Because she appeared mostly in period films, critics began to complain of Helena Bonham Carter's limited range. It was as if playing, say, the tragic young queen in Lady Jane (d. Trevor Nunn, 1985, her debut), passionate Helena Schlegel in Howards End (d. James Ivory, 1992) and driven, resourceful Kate Croy in The Wings of the Dove (UK/US, d. Iain Softley, 1997) called on the same emotional and technical resources.
Given her impeccable credentials - she is the great-granddaughter of Prime Minister Herbert Asquith (later Lord Oxford and Asquith) and grandniece of director Anthony Asquith, there may have been inverted snobbery in the increasingly predictable commentaries that greeted such roles, especially for her work in four Merchant Ivory productions, based on E.M. Forster's novels. It was her ardent Lucy Honeychurch in their Room with a View (d. James Ivory, 1985) that brought her to real notice, and led her to leave Cambridge.

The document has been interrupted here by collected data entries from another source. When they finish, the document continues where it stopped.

text \<open>The first variation of the Rayleigh quotient at an extremizer vanishes in the direction
  of the component of the Gram image orthogonal to the extremizer.\<close>

lemma flat_gram_eigenvector_at_extremum:
  fixes X :: "('n::finite \<Rightarrow> complex) set" and K i :: nat and T :: "'n list \<Rightarrow> complex"
  defines "g \<equiv> flat_adj_sqnorm K i T"
  assumes X: "cvec.subspace X" and z0: "z0 \<in> X" "vnorm2 z0 = 1"
    and invariant: "flat_gram K i T z0 \<in> X"
    and extremal: "(\<forall>z\<in>X. g z \<le> g z0 * (vnorm2 z)\<^sup>2) \<or> (\<forall>z\<in>X. g z0 * (vnorm2 z)\<^sup>2 \<le> g z)"
  shows "flat_gram K i T z0 = cscale (complex_of_real (g z0)) z0"
proof -
  let ?A = "flat_gram K i T"
  define m where "m = g z0"
  define h where "h = ?A z0 - cscale (complex_of_real m) z0"
  define H where "H = (vnorm2 h)\<^sup>2"
  define G where "G = g h"
  have h_in: "h \<in> X" unfolding h_def using X invariant z0(1) by (intro cvec.subspace_diff cvec.subspace_scale)
  have "hinner z0 z0 = 1" using z0(2) by (simp add: hinner_self)
  then have z0_h: "hinner z0 h = 0"
    by (simp add: h_def hinner_diff_right hinner_scale_right hinner_flat_gram_self m_def g_def)
  have "?A z0 = h + cscale (complex_of_real m) z0"
    by (simp add: h_def)
  then have "hinner h (?A z0) = hinner h h + complex_of_real m * hinner h z0"
    by (simp add: hinner_add_right hinner_scale_right)
  also have "hinner h z0 = 0" using z0_h by (subst hinner_commute) simp
  finally have h_A: "hinner h (?A z0) = complex_of_real H" by (simp add: H_def hinner_self)
  have g_line: "g (z0 + cscale (complex_of_real t) h) = m + 2 * t * H + t\<^sup>2 * G" for t
    using flat_adj_sqnorm_add_scale[OF z0_h, of K i T t] h_A by (simp add: g_def m_def G_def)
  have norm_line: "(vnorm2 (z0 + cscale (complex_of_real t) h))\<^sup>2 = 1 + t\<^sup>2 * H" for t
    using vnorm2_add_orthogonal[of z0 "cscale (complex_of_real t) h"] z0(2) z0_h
    by (simp add: hinner_scale_right vnorm2_scale power_mult_distrib H_def)
  have line_in: "z0 + cscale (complex_of_real t) h \<in> X" for t
    using X z0(1) h_in by (intro cvec.subspace_add cvec.subspace_scale)
  have "m + 2 * t * H + t\<^sup>2 * G \<le> m * (1 + t\<^sup>2 * H)" if "\<forall>z\<in>X. g z \<le> g z0 * (vnorm2 z)\<^sup>2" for t
    using bspec[OF that line_in[of t]] by (simp only: g_line norm_line m_def[symmetric])
  moreover have "m * (1 + t\<^sup>2 * H) \<le> m + 2 * t * H + t\<^sup>2 * G" if "\<forall>z\<in>X. g z0 * (vnorm2 z)\<^sup>2 \<le> g z" for t
    using bspec[OF that line_in[of t]] by (simp only: g_line norm_line m_def[symmetric])
  ultimately have "H = 0"
    using extremal by (intro quadratic_ratio_stationary_at_0[of m H G]) blast
  then have "h = 0" by (simp add: H_def vnorm2_eq_0_iff)
  then show ?thesis by (simp add: h_def m_def)
qed

lemma left_sing_vec_of_flat_gram_eigenvector:
  assumes "flat_gram K i T z = cscale (complex_of_real (\<sigma>\<^sup>2)) z" "z \<noteq> 0" "\<sigma> \<ge> \<delta>" "\<sigma> > 0"
  shows "z \<in> left_sing_vecs_ge K i T \<delta>"
proof -
  define v where "v = (\<lambda>r. flat_adj_mul K i T z r / complex_of_real \<sigma>)"
  have "flat_mul K i T v = cscale (1 / complex_of_real \<sigma>) (flat_gram K i T z)"
    unfolding flat_gram_def v_def
    using flat_mul_scale[of K i T "1 / complex_of_real \<sigma>" "flat_adj_mul K i T z"] by (simp add: field_simps)
  also have "\<dots> = (\<lambda>a. complex_of_real \<sigma> * z a)"
    using assms(1,4) by (simp add: fun_eq_iff cscale_apply power2_eq_square)
  finally have "flat_mul K i T v = (\<lambda>a. complex_of_real \<sigma> * z a)" .
  moreover have "flat_adj_mul K i T z rest = complex_of_real \<sigma> * v rest" for rest
    using assms(4) by (simp add: v_def)
  ultimately show ?thesis
    unfolding left_sing_vecs_ge_def using assms(2,3) by blast
qed

lemma flat_gram_span_left_sing_vecs:
  assumes "u \<in> cvec.span (left_sing_vecs_ge K i T \<delta>)"
  shows "flat_gram K i T u \<in> cvec.span (left_sing_vecs_ge K i T \<delta>)"
proof -
  let ?V = "cvec.span (left_sing_vecs_ge K i T \<delta>)"
  have "flat_gram K i T 0 = 0"
    by (simp add: flat_gram_def flat_mul_def flat_adj_mul_def zero_fun_def)
  then have "cvec.subspace {u. flat_gram K i T u \<in> ?V}"
    unfolding cvec.subspace_def
    by (simp add: flat_gram_add flat_gram_scale cvec.span_zero cvec.span_add cvec.span_scale)
  moreover have "left_sing_vecs_ge K i T \<delta> \<subseteq> {u. flat_gram K i T u \<in> ?V}"
  proof
    fix s assume s: "s \<in> left_sing_vecs_ge K i T \<delta>"
    then obtain \<sigma> where "flat_gram K i T s = cscale (complex_of_real (\<sigma>\<^sup>2)) s"
      by (rule flat_gram_left_sing_vec)
    then show "s \<in> {u. flat_gram K i T u \<in> ?V}" using s by (simp add: cvec.span_scale cvec.span_base)
  qed
  ultimately show ?thesis using assms cvec.span_minimal by blast
qed

lemma flat_adj_sqnorm_le_if_orthogonal:
  assumes \<delta>: "\<delta> > 0" and u: "\<forall>s\<in>left_sing_vecs_ge K i T \<delta>. hinner s u = 0"
  shows "flat_adj_sqnorm K i T u \<le> \<delta>\<^sup>2 * (vnorm2 u)\<^sup>2"
proof (cases "u = 0")
  case True
  then show ?thesis using flat_adj_sqnorm_scale[of K i T 0 0] by (simp add: cscale_def zero_fun_def)
next
  case False
  let ?S = "left_sing_vecs_ge K i T \<delta>" and ?A = "flat_gram K i T" and ?g = "flat_adj_sqnorm K i T"
  define X where "X = {u. \<forall>s\<in>?S. hinner s u = 0}"
  have X: "cvec.subspace X"
    by (auto simp: X_def cvec.subspace_def hinner_add_right hinner_scale_right)
  obtain z0 where z0: "z0 \<in> X" "vnorm2 z0 = 1" "\<forall>z\<in>X. ?g z \<le> ?g z0 * (vnorm2 z)\<^sup>2"
    using rayleigh_extremes_attained(1)[OF X _ False flat_adj_sqnorm_scale[of K i T]
        continuous_on_flat_adj_sqnorm[of K i T]] u
    by (auto simp: X_def)
  have "hinner s (?A z0) = 0" if s: "s \<in> ?S" for s
  proof -
    obtain \<sigma> where "\<And>u. hinner s (?A u) = complex_of_real (\<sigma>\<^sup>2) * hinner s u"
      using hinner_left_sing_vec_flat_gram[OF s] by metis
    then show ?thesis using z0(1) s by (simp add: X_def)
  qed
  then have "?A z0 \<in> X" by (simp add: X_def)
  then have eig: "?A z0 = cscale (complex_of_real (?g z0)) z0"
    using flat_gram_eigenvector_at_extremum[OF X z0(1,2)] z0(3) by blast
  have z0_ne: "z0 \<noteq> 0" using z0(2) by (auto simp: vnorm2_def)
  have "?g z0 < \<delta>\<^sup>2"
  proof (rule ccontr)
    assume "\<not> ?g z0 < \<delta>\<^sup>2"
    then have "sqrt (?g z0) \<ge> \<delta>" using \<delta> by (simp add: real_le_rsqrt)
    then have "z0 \<in> ?S"
      using \<delta> eig z0_ne flat_adj_sqnorm_nonneg[of K i T z0]
      by (intro left_sing_vec_of_flat_gram_eigenvector[where \<sigma> = "sqrt (?g z0)"]) auto
    then have "hinner z0 z0 = 0" using z0(1) by (simp add: X_def)
    then show False using z0_ne hinner_self_eq_0 by blast
  qed
  then have "?g z0 * (vnorm2 u)\<^sup>2 \<le> \<delta>\<^sup>2 * (vnorm2 u)\<^sup>2" by (intro mult_right_mono) auto
  then show ?thesis using z0(3) u by (auto simp: X_def)
qed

The image is, however, not all. Her personal life may suggest privilege but has been marked by such misfortunes as her father's paralysis; and her film roles have been more diverse than simplistic appraisal might suggest.
She brought real erotic need to her Oscar-nominated performance in The Wings of the Dove; was a touching Ophelia in Zeffirelli's Hamlet (UK/US, 1990); imbued Olivia's parody of love in Twelfth Night (UK/US, d. Trevor Nunn, 1996) with delicate comedy; played Woody Allen's wife in Mighty Aphrodite (US, d. Woody Allen, 1995); and, grungified, finally put paid to the corseted, delicate pre-Raphaelite beauty tag in Fight Club (US, d. David Fincher, 1999), as, in her words, an "obsessive support-group junkie".
She lived with Kenneth Branagh from 1994-99, but the films she made with him - Mary Shelley's Frankenstein (US/Japan, d. Branagh, 1994) and The Theory of Flight (d. Paul Greengrass, 1998) - failed commercially.
On the brink of international fame, she has been a major British star since the mid-1980s. Her cousin is TV actor Crispin Bonham Carter, who has had small roles in Howards End (1992) and Bridget Jones's Diary (UK/France/US, d. Sharon Maguire, 2001) and played Bingley in TV's Pride and Prejudice (BBC, 1995).